Voici mon problème. Je voulais copié sur mon DD externe environ 30 000 fichiers musique. 
Sauf que la... blocage, les applis se lance (la preuve pour etre sur internet^^) donc direction les fofos pour savoir si il y a une solution. J'en est trouvé une qui, je le pensais pouvais être bonne mais non, c'était de lancé en mode sans extension et lancé l'utilitaire de disque mais rien ni fais même là Finder bloque. Pour ma part il est en continue entrain de tourner avec les couleur, quand je le relance pareil, je l'est laisser tourner environ 24h (la nuit et ma journée de taf) et toujours pareil. J'ai vue aussi une autre solution par le formulaire ou PRAM mais je ne sais pas ce que c'est car je viens juste d'arrivé dans le monde de mac.

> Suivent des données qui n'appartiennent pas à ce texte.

(* A ring $R$ is almost Armendariz if and only if the Laurent polynomial ring $R[x,x^{-1}]$ is almost Armendariz.
   Context: All rings are associative with identity. For a ring $R$, $P(R)$ denotes the prime radical of $R$ (the intersection of all prime ideals of $R$, equivalently the set of strongly nilpotent elements of $R$). A ring $R$ is called almost Armendariz if whenever $f(x)=\sum_{i=0}^m a_ix^i$ and $g(x)=\sum_{j=0}^n b_jx^j\in R[x]$ satisfy $f(x)g(x)=0$, then $a_ib_j\in P(R)$ for all $0\le i\le m$, $0\le j\le n$. *)

theory Defs
  imports "HOL-Algebra.Algebra"
begin

definition nc_prime_ideal :: "'a set \<Rightarrow> ('a, 'm) ring_scheme \<Rightarrow> bool" where
  "nc_prime_ideal P R \<longleftrightarrow> ideal P R \<and> P \<noteq> carrier R \<and>
     (\<forall>a\<in>carrier R. \<forall>b\<in>carrier R.
        (\<forall>r\<in>carrier R. a \<otimes>\<^bsub>R\<^esub> r \<otimes>\<^bsub>R\<^esub> b \<in> P) \<longrightarrow> a \<in> P \<or> b \<in> P)"

definition prime_radical :: "('a, 'm) ring_scheme \<Rightarrow> 'a set" where
  "prime_radical R = carrier R \<inter> \<Inter> {P. nc_prime_ideal P R}"

definition almost_armendariz :: "('a, 'm) ring_scheme \<Rightarrow> bool" where
  "almost_armendariz R \<longleftrightarrow>
     (\<forall>f\<in>carrier (UP R). \<forall>g\<in>carrier (UP R).
        f \<otimes>\<^bsub>UP R\<^esub> g = \<zero>\<^bsub>UP R\<^esub> \<longrightarrow>
        (\<forall>i j. f i \<otimes>\<^bsub>R\<^esub> g j \<in> prime_radical R))"

definition laurent_carrier :: "('a, 'm) ring_scheme \<Rightarrow> (int \<Rightarrow> 'a) set" where
  "laurent_carrier R = {f. (\<forall>n. f n \<in> carrier R) \<and> finite {n. f n \<noteq> \<zero>\<^bsub>R\<^esub>}}"

definition Laurent :: "('a, 'm) ring_scheme \<Rightarrow> (int \<Rightarrow> 'a) ring" where
  "Laurent R = (\<lparr>
     carrier = laurent_carrier R,
     monoid.mult = (\<lambda>f g. \<lambda>n. \<Oplus>\<^bsub>R\<^esub>i \<in> {i. f i \<noteq> \<zero>\<^bsub>R\<^esub>}. f i \<otimes>\<^bsub>R\<^esub> g (n - i)),
     one = (\<lambda>n. if n = 0 then \<one>\<^bsub>R\<^esub> else \<zero>\<^bsub>R\<^esub>),
     ring.zero = (\<lambda>n. \<zero>\<^bsub>R\<^esub>),
     ring.add = (\<lambda>f g. \<lambda>n. f n \<oplus>\<^bsub>R\<^esub> g n) \<rparr> :: (int \<Rightarrow> 'a) ring)"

Je ne sais que faire surtout que je viens juste de l'avoir en échange avec mon ancien pc 
Merci en tout cas pour tout et Bonne soirée à vous


----------



## Invité (20 Janvier 2011)

Essaie de virer les préférences du Finder.
Pour la localisation ça dépend peut être de ta version de Mac Os


----------



## krow (20 Janvier 2011)

Invité a dit:


> Essaie de virer les préférences du Finder.
> Pour la localisation ça dépend peut être de ta version de Mac Os


j'ai un Mac OS X 10.5.8, Et comment je peux virer les préférence du finder ? Car je t'avouerais que je ne connais rien en Mac Je suis un tout nouveau ^^


----------



## Invité (20 Janvier 2011)

Jamais fait, mais Google donne http://www.northernsoftworks.com/snowleopardcachecleaner.html
et mode d'emploi : http://www.osxfacile.com/rub_entretien.html cocher "clean Finder preferences"


----------



## krow (21 Janvier 2011)

Invité a dit:


> Jamais fait, mais Google donne http://www.northernsoftworks.com/snowleopardcachecleaner.html
> et mode d'emploi : http://www.osxfacile.com/rub_entretien.html cocher "clean Finder preferences"


Merci pour les liens mais il y a une soucie je ne suis pas sur Snow Leopard mais Leopard tout cour


----------



## krow (8 Février 2011)

Bonjour, c'est pour vous informer que j'ai réussie à résoudre mon problème. 
J'ai réussie à avoir la fenêtre du bureau et pouvoir sélectionner les 10 000 fichiers environs de musique et à les mettre dans la corbeille puis la vidée. Depuis tout est revenue à la normal. merci encore pour vos conseil et votre aide.


----------